Perhaps people will say, “America has nothing to worry about. We are as invincible as the ages.” I am not so sure we are not as vulnerable as Fort McHenry in the days of Francis Scott Key. Who would have thought the British capable of burning Washington as they did in 1814?

All countries are vulnerable. Just ask the winds that blow the sands that swirl over the remains of Sodom and Gomorrah. Talk to the pyramids of Egypt and the late dynasties of China. Speak to the Greek pillars that stand as decaying monuments of that civilization’s invincibility. Walk through the echoing chambers of the Aztec civilizations that left their mark of invincibility in the tangling vines of South America.

As the French philosopher, Alexis de Tocqueville said, “America is great because she is good. If America ceases to be good, America will cease to be great.”

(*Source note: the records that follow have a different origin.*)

theorem mainTheorem19:
  fixes M :: "'a::polish_space \<Rightarrow> (nat \<Rightarrow> 'a) measure"
    and \<tau> :: "(nat \<Rightarrow> 'a) \<Rightarrow> enat"
    and u g :: "'a \<Rightarrow> real" and \<alpha> :: real and x :: 'a
  assumes "markov_family M"
    and "nat_stopping_time \<tau>"
    and "theta_compatible M \<tau>"
    and "\<forall>y. (\<integral>\<^sup>+\<omega>. ennreal_of_enat (\<tau> \<omega>) \<partial>M y) < \<infinity>"
    and "drift_function M \<tau> u"
    and "\<alpha> > 0"
    and "g \<in> Espace M u (2 + \<alpha>)"
  defines "h \<equiv> (\<lambda>k \<omega>. g (\<omega> (Suc k)) - Pop M g (\<omega> k))"
  shows "(\<forall>\<epsilon>>0.
           ((\<lambda>n. (1 / real n) * (\<Sum>k<n. \<integral>\<omega>. (if \<bar>h k \<omega>\<bar> \<ge> \<epsilon> * sqrt (real n) then (h k \<omega>)\<^sup>2 else 0) \<partial>M x))
              \<longlonglongrightarrow> 0) \<and>
           summable (\<lambda>n. (1 / sqrt (real (Suc n))) *
              (\<integral>\<omega>. (if \<bar>h (Suc n) \<omega>\<bar> \<ge> \<epsilon> * sqrt (real (Suc n)) then \<bar>h (Suc n) \<omega>\<bar> else 0) \<partial>M x)))
         \<and> (\<exists>\<delta>>0. summable (\<lambda>n. (1 / (real (Suc n))\<^sup>2) *
              (\<integral>\<omega>. (if \<bar>h (Suc n) \<omega>\<bar> \<le> \<delta> * sqrt (real (Suc n)) then (h (Suc n) \<omega>) ^ 4 else 0) \<partial>M x)))"
proof -
  have mf: "markov_family M" and \<alpha>: "0 < \<alpha>" and g: "g \<in> Espace M u (2 + \<alpha>)"
    using assms(1,6,7) .
  have u: "u \<in> borel_measurable borel" "\<And>y. 0 \<le> u y" "\<And>y. integrable (M y) (\<lambda>\<omega>. u (\<omega> 1))"
    and bdd: "bdd_below (range (\<lambda>y. u y - Pop M u y))"
    using assms(5) unfolding drift_function_def by (auto intro: order_trans[OF zero_le_one])
  have N: "prob_space (M x)"
    by (rule markov_family_prob_space[OF mf])
  have h_meas: "h k \<in> borel_measurable (M x)" for k
    using g measurable_Pop[of M g] mf
    unfolding h_def Espace_def Fspace_def
    by (auto intro!: borel_measurable_diff measurable_compose[OF markov_family_measurable_coordinate[OF mf]])
  have growth: "linear_moment_growth (2 + \<alpha>) (M x) h"
    unfolding h_def using \<alpha> by (intro markov_increment_linear_moment_growth[OF mf u bdd _ g]) simp
  have growth_Suc: "linear_moment_growth (2 + \<alpha>) (M x) (\<lambda>n. h (Suc n))"
    by (rule linear_moment_growth_Suc[OF growth])
  show ?thesis
    using lindeberg_average_tendsto_zero[OF N \<alpha> h_meas growth]
      tail_series_summable[OF N \<alpha> h_meas growth_Suc]
      truncated_fourth_moment_series_summable[OF N \<alpha> h_meas growth_Suc]
    by (intro conjI allI impI exI[of _ 1]) simp_all
qed
lemma LIMSEQ_if_subseqs_have_LIMSEQ_subseq:
  fixes x :: "nat \<Rightarrow> 'a::metric_space"
  assumes "\<And>\<phi> :: nat \<Rightarrow> nat. strict_mono \<phi> \<Longrightarrow> \<exists>\<psi>. strict_mono \<psi> \<and> (\<lambda>k. x (\<phi> (\<psi> k))) \<longlonglongrightarrow> L"
  shows "x \<longlonglongrightarrow> L"
proof (rule ccontr)
  assume "\<not> x \<longlonglongrightarrow> L"
  then obtain e where "e > 0" and "\<exists>\<^sub>F n in sequentially. e \<le> dist (x n) L"
    unfolding tendsto_iff by (auto simp: not_eventually not_less)
  then have "infinite {n. e \<le> dist (x n) L}"
    by (simp add: frequently_sequentially infinite_nat_iff_unbounded_le)
  then obtain \<phi> :: "nat \<Rightarrow> nat" where "strict_mono \<phi>" and far: "\<And>k. e \<le> dist (x (\<phi> k)) L"
    using infinite_enumerate by blast
  then obtain \<psi> where "(\<lambda>k. x (\<phi> (\<psi> k))) \<longlonglongrightarrow> L"
    using assms[OF \<open>strict_mono \<phi>\<close>] by blast
  then have "\<forall>\<^sub>F k in sequentially. dist (x (\<phi> (\<psi> k))) L < e"
    using \<open>e > 0\<close> by (rule tendstoD)
  then obtain k where "dist (x (\<phi> (\<psi> k))) L < e"
    by (auto simp: eventually_sequentially)
  with far[of "\<psi> k"] show False
    by simp
qed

I guess we would have to define great. We do have great cars, great food, great opportunities and great swelling speeches from our politicians, but I don’t think those were the greatness Tocqueville was talking about. He was talking about the deep religious commitment American people had to their God.

Goodness comes from caring about humanity more than wealth. Goodness comes from valuing honor and integrity more than wealth and prosperity. Goodness comes from morality and strict observance of laws. There can be no greatness without goodness. Goodness comes from accountability to God and reverence for sacred values. People who have lost the spirit of reverence for God soon lose the reverence for human life. When reverence for human life is gone, they become animals searching for the next kill to satiate the passion that rules them.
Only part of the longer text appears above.